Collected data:
_ _ _ _ _

lemma vertically_between_in_closed_segment:
  fixes b q q' :: point
  assumes "fst q = fst b" "fst q' = fst b" "snd q \<le> snd b" "snd b \<le> snd q'"
  shows "b \<in> closed_segment q q'"
proof (cases "snd q = snd q'")
  case True
  then have "b = q" using assms by (simp add: prod_eq_iff)
  then show ?thesis by simp
next
  case False
  define t where "t = (snd b - snd q) / (snd q' - snd q)"
  have "0 \<le> t" "t \<le> 1" using assms False by (auto simp: t_def divide_simps)
  moreover have "t * (snd q' - snd q) = snd b - snd q" using False by (simp add: t_def)
  then have "b = (1 - t) *\<^sub>R q + t *\<^sub>R q'"
    using assms by (simp add: prod_eq_iff algebra_simps)
  ultimately show ?thesis unfolding closed_segment_def by blast
qed

lemma crosses_iff_closed_segments_meet:
  "crosses {a, b} {c, d} \<longleftrightarrow> closed_segment a b \<inter> closed_segment c d \<noteq> {}"
  by (simp add: crosses_def segment_convex_hull)

lemma crosses_commute: "crosses e f \<longleftrightarrow> crosses f e"
  unfolding crosses_def by blast

lemma crosses_if_heights_swap:
  assumes "fst u < fst v" "fst u' < fst v'" "fst u \<le> L" "fst u' \<le> L" "L \<le> R"
    "R \<le> fst v" "R \<le> fst v'"
    and swap: "(line_y u v L - line_y u' v' L) * (line_y u v R - line_y u' v' R) \<le> 0"
  shows "crosses {u, v} {u', v'}"
proof -
  define g where "g x = line_y u v x - line_y u' v' x" for x
  have "continuous_on {L..R} g"
    using assms unfolding g_def line_y_def by (intro continuous_intros) auto
  moreover have "g L \<le> 0 \<and> 0 \<le> g R \<or> g R \<le> 0 \<and> 0 \<le> g L"
    using swap by (auto simp: g_def mult_le_0_iff)
  ultimately obtain x where x: "L \<le> x" "x \<le> R" "g x = 0"
    using IVT'[of g L 0 R] IVT2'[of g R 0 L] \<open>L \<le> R\<close> by blast
  then have "(x, line_y u v x) \<in> closed_segment u v \<inter> closed_segment u' v'"
    using assms point_on_line_in_closed_segment[of u v x] point_on_line_in_closed_segment[of u' v' x]
    by (auto simp: g_def)
  then show ?thesis unfolding crosses_iff_closed_segments_meet by blast
qed
(* Let $1\to A\to E\xrightarrow{\pi} G\to 1$ be an extension of groups. Let $SQ$ denote either the construction $H\mapsto(\operatorname{Conj}_n(H),\mathrm{inv})$ for a fixed $n\ge 1$, or the construction $H\mapsto(\operatorname{Core}(H),\mathrm{id})$ (the same construction for all groups involved). Then there exists a dynamical cocycle $(\alpha,\beta)$ of the symmetric quandle $SQ(G)$ over the family of sets $S=\{S_x\}_{x\in G}$ with $S_x=A$ (the underlying set of $A$, i.e. of $SQ(A)$) for every $x$, such that $SQ(E)$ is isomorphic as a symmetric quandle to $SQ(G)\times_{(\alpha,\beta)}SQ(A)$.
   Context: For a group $H$ and $n\ge1$, the $n$-conjugation quandle $\operatorname{Conj}_n(H)$ is the set $H$ with $x*y=y^{-n}xy^{n}$, and $\mathrm{inv}(x)=x^{-1}$ is a good involution on it. The core quandle $\operatorname{Core}(H)$ is the set $H$ with $x*y=yx^{-1}y$, and $\mathrm{id}$ is a good involution on it. Here a quandle is a set with binary operation $*$ such that each $x\mapsto x*y$ is bijective (inverse $x\mapsto x*^{-1}y$), $(x*y)*z=(x*z)*(y*z)$ and $x*x=x$; a good involution is $\rho$ with $\rho^2=\mathrm{id}$, $\rho(x*y)=\rho(x)*y$, $x*\rho(y)=x*^{-1}y$, and $(X,\rho)$ is then a symmetric quandle; symmetric quandle homomorphisms preserve $*$ and commute with the involutions. A dynamical cocycle of a symmetric quandle $(X,\rho)$ over a family of sets $S=\{S_x\}$ consists of maps $\alpha_{x,y}:S_x\times S_y\to S_{x*y}$, $\beta_x:S_x\to S_{\rho(x)}$ such that for all $x,y,z$, $s\in S_x,t\in S_y,w\in S_z$ (with $\alpha_{x,y}(t)(s):=\alpha_{x,y}(s,t)$): (1) $\alpha_{x,y}(t)$ is bijective $S_x\to S_{x*y}$; (2) $\alpha_{x*y,z}(\alpha_{x,y}(s,t),w)=\alpha_{x*z,y*z}(\alpha_{x,z}(s,w),\alpha_{y,z}(t,w))$; (3) $\alpha_{\rho(x),y}(\beta_x(s),t)=\beta_{x*y}(\alpha_{x,y}(s,t))$; (4) $\beta_{\rho(x)}\beta_x(s)=s$; (5) $\alpha_{x,\rho(y)}(\beta_y(t))(s)=(\alpha_{x*^{-1}y,y}(t))^{-1}(s)$; (6) $\alpha_{x,x}(s,s)=s$. The extension $X\times_{(\alpha,\beta)}S$ is the set $\{(x,s)\mid x\in X,s\in S_x\}$ with $(x,s)*(y,t)=(x*y,\alpha_{x,y}(s,t))$ and involution $(x,s)\mapsto(\rho(x),\beta_x(s))$; it is a symmetric quandle. *)

theory Defs
  imports "HOL-Algebra.Algebra"
begin
text \<open>Since \<open>\<F> \<le> F\<^sub>\<mu> - F\<^sub>\<mu>(a)\<close>, \<open>\<Phi>\<close> grows at least like \<open>ln (F\<^sub>\<mu> - F\<^sub>\<mu>(a))\<close>.\<close>
lemma exp_Phi_mult_le:
  assumes "a < x" "x \<le> y" "y < b"
  shows "exp (Phi x) * (cdf_of \<mu> y - cdf_of \<mu> a) \<le> exp (Phi y) * (cdf_of \<mu> x - cdf_of \<mu> a)"
proof -
  define C where "C = cdf_of \<mu> a"
  have pos: "0 < cdf_of \<mu> x - C" "0 < cdf_of \<mu> y - C"
    using assms cdf_of_minus_cdf_of_a_pos[of x] cdf_of_minus_cdf_of_a_pos[of y] by (auto simp: C_def)
  interpret stieltjes_on \<mu> "cdf_of \<mu>" x y
    using assms by (intro \<mu>.stieltjes_on_cdf_of) simp
  have "ennreal (ln (cdf_of \<mu> y - C) - ln (cdf_of \<mu> x - C))
      = (\<integral>\<^sup>+t. ennreal (inverse (cdf_of \<mu> t - C)) * indicator {x<..y} t \<partial>\<mu>)"
    using pos by (intro nn_integral_FTC[symmetric]) (auto intro!: derivative_eq_intros simp: field_simps)
  also have "\<dots> \<le> (\<integral>\<^sup>+t. ennreal (indicator {a<..<b} t * inverse (gap t)) * indicator {x<..y} t \<partial>\<mu>)"
  proof (intro nn_integral_mono)
    fix t
    show "ennreal (inverse (cdf_of \<mu> t - C)) * indicator {x<..y} t
      \<le> ennreal (indicator {a<..<b} t * inverse (gap t)) * indicator {x<..y} t"
    proof (cases "t \<in> {x<..y}")
      case True
      then have "t \<in> {a<..<b}" using assms by auto
      then have "inverse (cdf_of \<mu> t - C) \<le> inverse (gap t)"
        using gap_pos gap_le_cdf_of[of t] by (intro le_imp_inverse_le) (auto simp: C_def)
      then show ?thesis using True \<open>t \<in> {a<..<b}\<close> by (simp add: ennreal_leI)
    qed simp
  qed
  also have "\<dots> = emeasure dPhi {x<..y}"
    by (simp add: nn_integral_dPhi flip: nn_integral_indicator)
  also have "\<dots> = ennreal (Phi y - Phi x)"
    using assms by (rule emeasure_dPhi_Ioc)
  finally have "ln (cdf_of \<mu> y - C) - ln (cdf_of \<mu> x - C) \<le> Phi y - Phi x"
    using Phi_mono[OF assms] by (simp add: ennreal_le_iff)
  then have "exp (Phi x + ln (cdf_of \<mu> y - C)) \<le> exp (Phi y + ln (cdf_of \<mu> x - C))"
    by simp
  then show ?thesis
    using pos by (simp add: exp_add C_def)
qed

lemma tendsto_exp_Phi_at_right: "((\<lambda>x. exp (Phi x)) \<longlongrightarrow> 0) (at_right a)"
proof -
  define y where "y = (a + b) / 2"
  have y: "a < y" "y < b" using a_less_b by (auto simp: y_def)
  define K where "K = exp (Phi y) / (cdf_of \<mu> y - cdf_of \<mu> a)"
  have "isCont (cdf_of \<mu>) a"
    using \<mu>.continuous_cdf_of[of UNIV] by (simp add: continuous_on_eq_continuous_at)
  then have "(cdf_of \<mu> \<longlongrightarrow> cdf_of \<mu> a) (at_right a)"
    by (simp add: isCont_def filterlim_at_split)
  then have "((\<lambda>x. K * (cdf_of \<mu> x - cdf_of \<mu> a)) \<longlongrightarrow> K * (cdf_of \<mu> a - cdf_of \<mu> a)) (at_right a)"
    by (intro tendsto_intros)
  then have upper_lim: "((\<lambda>x. K * (cdf_of \<mu> x - cdf_of \<mu> a)) \<longlongrightarrow> 0) (at_right a)"
    by simp
  have "exp (Phi x) \<le> K * (cdf_of \<mu> x - cdf_of \<mu> a)" if "a < x" "x < y" for x
  proof -
    have "exp (Phi x) * (cdf_of \<mu> y - cdf_of \<mu> a) \<le> exp (Phi y) * (cdf_of \<mu> x - cdf_of \<mu> a)"
      using exp_Phi_mult_le[of x y] that y by auto
    then show ?thesis
      using cdf_of_minus_cdf_of_a_pos[of y] y by (simp add: K_def field_simps)
  qed
  then have "eventually (\<lambda>x. exp (Phi x) \<le> K * (cdf_of \<mu> x - cdf_of \<mu> a)) (at_right a)"
    using eventually_at_right_real[OF y(1)] by (auto elim!: eventually_mono)
  then show ?thesis
    by (intro tendsto_sandwich[OF _ _ tendsto_const upper_lim]) auto
qed

lemma tendsto_gap_exp_neg_Phi_at_left: "((\<lambda>y. gap y * exp (- Phi y)) \<longlongrightarrow> 0) (at_left b)"
proof -
  define x where "x = (a + b) / 2"
  have x: "a < x" "x < b" using a_less_b by (auto simp: x_def)
  have "isCont gap b"
    using continuous_gap[of UNIV] by (simp add: continuous_on_eq_continuous_at)
  then have "(gap \<longlongrightarrow> gap b) (at_left b)"
    by (simp add: isCont_def filterlim_at_split)
  then have "((\<lambda>y. gap y * exp (- Phi x)) \<longlongrightarrow> gap b * exp (- Phi x)) (at_left b)"
    by (intro tendsto_intros)
  then have upper_lim: "((\<lambda>y. gap y * exp (- Phi x)) \<longlongrightarrow> 0) (at_left b)"
    by (simp add: gap_b)
  have "0 \<le> gap y * exp (- Phi y) \<and> gap y * exp (- Phi y) \<le> gap y * exp (- Phi x)"
    if "y \<in> {x<..<b}" for y
    using that x gap_pos[of y] Phi_mono[of x y] by auto
  then have "eventually (\<lambda>y. 0 \<le> gap y * exp (- Phi y) \<and> gap y * exp (- Phi y) \<le> gap y * exp (- Phi x)) (at_left b)"
    using eventually_at_left_real[OF x(2)] by (auto elim!: eventually_mono)
  then show ?thesis
    by (intro tendsto_sandwich[OF _ _ tendsto_const upper_lim]) (auto elim: eventually_mono)
qed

_ _ _ _ _

| Work to be completed |
Search the records above for "shows" and copy every line that has it.

| The answer |
  shows "b \<in> closed_segment q q'"
  shows "crosses {u, v} {u', v'}"
  shows "exp (Phi x) * (cdf_of \<mu> y - cdf_of \<mu> a) \<le> exp (Phi y) * (cdf_of \<mu> x - cdf_of \<mu> a)"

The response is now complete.